EXERCISE GOAL
Only lines holding "moreover" are wanted; copy each of them from the records below.

Collected data entries
───

theorem lemma6:
  fixes V :: "'a set" and E :: "'a set set" and \<tau> :: rat and k :: nat
  assumes "simple_graph V E" and "\<tau> \<ge> 0"
  shows "(\<exists>f. is_transshipment (red_V V E) (red_A E) red_c (red_B \<tau>) f \<and>
              tval (red_U E) (red_A E) f \<ge> of_nat (card E) - of_nat k)
     \<longleftrightarrow> (\<exists>F. F \<subseteq> E \<and> card F \<le> k \<and> rho_star V (E - F) \<le> \<tau>)"
proof
  assume "\<exists>f. is_transshipment (red_V V E) (red_A E) red_c (red_B \<tau>) f \<and>
              tval (red_U E) (red_A E) f \<ge> of_nat (card E) - of_nat k"
  then obtain f where f: "is_transshipment (red_V V E) (red_A E) red_c (red_B \<tau>) f"
    and val: "of_nat (card E) - of_nat k \<le> tval (red_U E) (red_A E) f" by blast
  obtain F where "F \<subseteq> E" and h: "fractional_orientation V (E - F) \<tau> (\<lambda>e u. f (Inr e, Inl u))"
    and "tval (red_U E) (red_A E) f = of_nat (card E) - of_nat (card F)"
    using transshipment_imp_fractional_orientation[OF assms(1) f] .
  with val have "card F \<le> k" by simp
  moreover have G': "simple_graph V (E - F)" using assms(1) by (rule simple_graph_subset) blast
  then have "rho_star V (E - F) \<le> \<tau>"
    using rho_star_le_iff[OF G' assms(2)] fractional_orientation_card_le[OF G' h] by blast
  ultimately show "\<exists>F. F \<subseteq> E \<and> card F \<le> k \<and> rho_star V (E - F) \<le> \<tau>"
    using \<open>F \<subseteq> E\<close> by blast
next
  assume "\<exists>F. F \<subseteq> E \<and> card F \<le> k \<and> rho_star V (E - F) \<le> \<tau>"
  then obtain F where "F \<subseteq> E" "card F \<le> k" and rho: "rho_star V (E - F) \<le> \<tau>" by blast
  have G': "simple_graph V (E - F)" using assms(1) by (rule simple_graph_subset) blast
  obtain h where "fractional_orientation V (E - F) \<tau> h"
    using fractional_orientation_exists[OF G' assms(2)] rho_star_le_iff[OF G' assms(2)] rho by blast
  then obtain f where "is_transshipment (red_V V E) (red_A E) red_c (red_B \<tau>) f"
    and "tval (red_U E) (red_A E) f = of_nat (card E) - of_nat (card F)"
    using fractional_orientation_imp_transshipment[OF assms(1) \<open>F \<subseteq> E\<close>] by blast
  with \<open>card F \<le> k\<close> show "\<exists>f. is_transshipment (red_V V E) (red_A E) red_c (red_B \<tau>) f \<and>
              tval (red_U E) (red_A E) f \<ge> of_nat (card E) - of_nat k" by auto
qed

end
lemma level_mono:
  assumes "(i, i') \<in> r0" and "i \<noteq> i'"
  shows "level i < level i' \<or>
    level i = level i' \<and> i \<notin> S \<and> i' \<notin> S \<and> (i \<in> incomp \<longleftrightarrow> i' \<in> incomp)"
proof -
  have "i' < m0"
    using r0_field assms(1) by blast
  have le: "chain_rank i \<le> chain_rank i'"
    using assms(1) by (rule chain_rank_mono)
  consider "i' \<in> S" | "i' \<notin> S" "i \<in> S" | "i' \<notin> S" "i \<notin> S"
    by blast
  then show ?thesis
  proof cases
    case 1
    then have "chain_rank i < chain_rank i'"
      using chain_rank_strict_mono assms by blast
    moreover have "i \<in> incomp \<Longrightarrow> chain_rank i + 1 < chain_rank i'"
      using incomp_rank_less_above 1 assms(1) by blast
    ultimately show ?thesis
      using 1 incomp_disjoint_S by (auto simp: level_def)
  next
    case 2
    then show ?thesis
      using le by (auto simp: level_def)
  next
    case 3
    have "i \<in> incomp \<Longrightarrow> i' \<notin> incomp \<Longrightarrow> chain_rank i < chain_rank i'"
      using incomp_rank_less_comparable \<open>i' < m0\<close> assms(1) by blast
    then show ?thesis
      using 3 le by (auto simp: level_def)
  qed
qed

definition height :: "nat \<Rightarrow> nat" where
  "height i = card {x. x < m0 \<and> (x, i) \<in> r0}"

lemma height_strict_mono:
  assumes "(a, b) \<in> r0" and "a \<noteq> b"
  shows "height a < height b"
proof -
  have "{x. x < m0 \<and> (x, a) \<in> r0} \<subset> {x. x < m0 \<and> (x, b) \<in> r0}"
    using assms r0_trans r0_antisym r0_refl r0_field by blast
  then show ?thesis
    unfolding height_def by (intro psubset_card_mono) auto
qed

lemma height_le: "height i \<le> m0"
  unfolding height_def using card_mono[of "{..<m0}" "{x. x < m0 \<and> (x, i) \<in> r0}"] by auto

definition mfix_bound :: nat where
  "mfix_bound = Suc (\<Sum>i<m0. mfix i)"

lemma mfix_less_bound: "i < m0 \<Longrightarrow> mfix i < mfix_bound"
  unfolding mfix_bound_def using member_le_sum[of i "{..<m0}" mfix] by simp

definition fixed_rank :: "nat \<times> nat \<Rightarrow> nat" where
  "fixed_rank p = (height (fst p) * m0 + fst p) * mfix_bound + snd p"

definition rank_bound :: nat where
  "rank_bound = (m0 + 1) * m0 * mfix_bound"

lemma fixed_rank_less: "p \<in> fixed_part \<Longrightarrow> fixed_rank p < rank_bound"
proof -
  assume "p \<in> fixed_part"
  then obtain i j where p: "p = (i, j)" "i < m0" "j < mfix i"
    by (auto simp: fixed_part_def)
  have "height i * m0 \<le> m0 * m0"
    by (rule mult_le_mono1[OF height_le])
  then have "height i * m0 + i < m0 * m0 + m0"
    using \<open>i < m0\<close> by linarith
  then have "height i * m0 + i < (m0 + 1) * m0"
    by (simp add: algebra_simps)
  moreover have "j < mfix_bound"
    using p mfix_less_bound by (meson less_trans)
  ultimately have "(height i * m0 + i) * mfix_bound + j < ((m0 + 1) * m0) * mfix_bound + 0"
    by (rule slot_less)
  then show ?thesis
    by (simp add: fixed_rank_def rank_bound_def p)
qed

lemma fixed_rank_mono:
  assumes "(p, q) \<in> rel v" and "p \<in> fixed_part" and "q \<in> fixed_part" and "p \<noteq> q"
  shows "fixed_rank p < fixed_rank q"
proof -
  obtain i j i' j' where pq: "p = (i, j)" "q = (i', j')"
    by (cases p, cases q)
  have "i < m0" "j < mfix_bound"
    using assms(2) mfix_less_bound by (auto simp: pq fixed_part_def intro: less_trans)
  from assms(1,4) consider "i \<noteq> i'" "(i, i') \<in> r0" | "i = i'" "j < j'"
    by (auto simp: pq lexsum_rel_def)
  then show ?thesis
  proof cases
    case 1
    then have "height i * m0 + i < height i' * m0 + i'"
      using height_strict_mono \<open>i < m0\<close> by (intro slot_less)
    then show ?thesis
      using \<open>j < mfix_bound\<close> by (simp add: fixed_rank_def pq slot_less)
  next
    case 2
    then show ?thesis
      by (simp add: fixed_rank_def pq)
  qed
qed

lemma fixed_rank_inj: "inj_on fixed_rank fixed_part"
proof (rule inj_onI)
  fix p q assume "p \<in> fixed_part" "q \<in> fixed_part" and eq: "fixed_rank p = fixed_rank q"
  obtain i j i' j' where pq: "p = (i, j)" "q = (i', j')"
    by (cases p, cases q)
  have bounds: "i < m0" "i' < m0" "j < mfix_bound" "j' < mfix_bound"
    using \<open>p \<in> fixed_part\<close> \<open>q \<in> fixed_part\<close> mfix_less_bound
    by (auto simp: pq fixed_part_def intro: less_trans)
  from eq have "fixed_rank p mod mfix_bound = fixed_rank q mod mfix_bound"
    "fixed_rank p div mfix_bound = fixed_rank q div mfix_bound"
    by simp_all
  then have "j = j'" "height i * m0 + i = height i' * m0 + i'"
    using bounds by (simp_all add: fixed_rank_def pq)
  then have "j = j'" "(height i * m0 + i) mod m0 = (height i' * m0 + i') mod m0"
    by simp_all
  then show "p = q"
    using bounds by (simp add: pq)
qed

text \<open>For every choice \<open>c\<close> of a slot
  \<open>c p < u\<close> per free element \<open>p\<close>, the element \<open>p\<close> is placed right after the element
  \<open>fixed_rank p * u + c p\<close> of the chain of the next element of \<open>S\<close>; the other elements are placed
  by level and then by their fixed rank or position in their chain.\<close>

definition long_chains :: "nat \<Rightarrow> nat \<Rightarrow> nat" where
  "long_chains u = (\<lambda>_. (rank_bound + 1) * u)"

definition key :: "nat \<Rightarrow> (nat \<times> nat \<Rightarrow> nat) \<Rightarrow> nat \<times> nat \<Rightarrow> nat \<times> nat \<times> nat" where
  "key u c p = (level (fst p),
     if fst p \<in> S then snd p else if fst p \<in> incomp then fixed_rank p * u + c p else fixed_rank p,
     if fst p \<in> incomp then 1 else 0)"

lemma mem_elems_long_chains:
  "(i, j) \<in> elems (long_chains u) \<longleftrightarrow> i \<in> S \<and> j < (rank_bound + 1) * u \<or> (i, j) \<in> fixed_part"
  using S_sub by (auto simp: lexsum_carrier_def fixed_part_def sizes_def long_chains_def)

lemma key_less_if_fixed_rank_less:
  assumes slots: "\<forall>p\<in>free_part. c p < u" and "p \<in> fixed_part" and "q \<in> fixed_part"
    and "level (fst p) = level (fst q)" and "fst p \<in> incomp \<longleftrightarrow> fst q \<in> incomp"
    and "fixed_rank p < fixed_rank q"
  shows "key u c p < key u c q"
proof (cases "fst p \<in> incomp")
  case True
  then have "c p < u"
    using slots \<open>p \<in> fixed_part\<close> by (cases p) (auto simp: free_part_def fixed_part_def)
  then have "fixed_rank p * u + c p < fixed_rank q * u + c q"
    using \<open>fixed_rank p < fixed_rank q\<close> by (intro slot_less)
  with True assms(2-5) show ?thesis
    by (auto simp: key_def fixed_part_def)
next
  case False
  with assms(2-6) show ?thesis
    by (auto simp: key_def fixed_part_def)
qed

lemma key_mono:
  assumes slots: "\<forall>p\<in>free_part. c p < u"
    and "(p, q) \<in> rel (long_chains u)" and "p \<noteq> q"
  shows "key u c p < key u c q"
proof -
  obtain i j i' j' where pq: "p = (i, j)" "q = (i', j')"
    by (cases p, cases q)
  have elems: "p \<in> elems (long_chains u)" "q \<in> elems (long_chains u)"
    using assms(2) by (auto simp: lexsum_rel_def)
  from assms(2,3) consider "i = i'" "j < j'" | "i \<noteq> i'" "(i, i') \<in> r0"
    by (auto simp: pq lexsum_rel_def)
  then show ?thesis
  proof cases
    case 1
    show ?thesis
    proof (cases "i \<in> S")
      case True
      with 1 show ?thesis
        by (simp add: key_def pq)
    next
      case False
      then have "p \<in> fixed_part" "q \<in> fixed_part"
        using elems 1 by (auto simp: pq mem_elems_long_chains)
      with 1 show ?thesis
        using assms fixed_rank_mono by (intro key_less_if_fixed_rank_less) (auto simp: pq)
    qed
  next
    case 2
    from level_mono[OF 2(2,1)] show ?thesis
    proof
      assume "level i < level i'"
      then show ?thesis
        by (simp add: key_def pq)
    next
      assume same: "level i = level i' \<and> i \<notin> S \<and> i' \<notin> S \<and> (i \<in> incomp \<longleftrightarrow> i' \<in> incomp)"
      then have "p \<in> fixed_part" "q \<in> fixed_part"
        using elems by (auto simp: pq mem_elems_long_chains)
      with same show ?thesis
        using assms fixed_rank_mono by (intro key_less_if_fixed_rank_less) (auto simp: pq)
    qed
  qed
qed

lemma key_inj:
  assumes slots: "\<forall>p\<in>free_part. c p < u"
  shows "inj_on (key u c) (elems (long_chains u))"
proof (rule inj_onI)
  fix p q assume p: "p \<in> elems (long_chains u)" and q: "q \<in> elems (long_chains u)"
    and eq: "key u c p = key u c q"
  obtain i j i' j' where pq: "p = (i, j)" "q = (i', j')"
    by (cases p, cases q)
  have level: "level i = level i'" and incomp: "i \<in> incomp \<longleftrightarrow> i' \<in> incomp"
    using eq by (auto simp: key_def pq split: if_splits)
  then have S: "i \<in> S \<longleftrightarrow> i' \<in> S"
    by (rule level_eq_imp_mem_S_iff)
  have rank_eq: "p = q" if "p \<in> fixed_part" "q \<in> fixed_part" "fixed_rank p = fixed_rank q"
    using fixed_rank_inj that by (auto dest: inj_onD)
  show "p = q"
  proof (cases "i \<in> S")
    case True
    then have "chain_rank i = chain_rank i'" "j = j'"
      using eq level S by (auto simp: key_def level_def pq)
    then show ?thesis
      using True S chain_rank_inj_on_S by (auto simp: pq dest: inj_onD)
  next
    case False
    then have fixed: "p \<in> fixed_part" "q \<in> fixed_part"
      using p q S by (auto simp: pq mem_elems_long_chains)
    show ?thesis
    proof (cases "i \<in> incomp")
      case True
      then have "c p < u" "c q < u"
        using slots fixed incomp by (auto simp: pq free_part_def fixed_part_def)
      moreover have "fixed_rank p * u + c p = fixed_rank q * u + c q"
        using eq True False incomp S by (simp add: key_def pq)
      ultimately have "fixed_rank p = fixed_rank q"
        by (metis less_irrefl nat_neq_iff slot_less)
      then show ?thesis
        using rank_eq fixed by blast
    next
      case False
      then have "fixed_rank p = fixed_rank q"
        using eq \<open>i \<notin> S\<close> incomp S by (simp add: key_def pq)
      then show ?thesis
        using rank_eq fixed by blast
    qed
  qed
qed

───

TASK SOLUTION
  moreover have G': "simple_graph V (E - F)" using assms(1) by (rule simple_graph_subset) blast
    moreover have "i \<in> incomp \<Longrightarrow> chain_rank i + 1 < chain_rank i'"
  moreover have "j < mfix_bound"
      moreover have "fixed_rank p * u + c p = fixed_rank q * u + c q"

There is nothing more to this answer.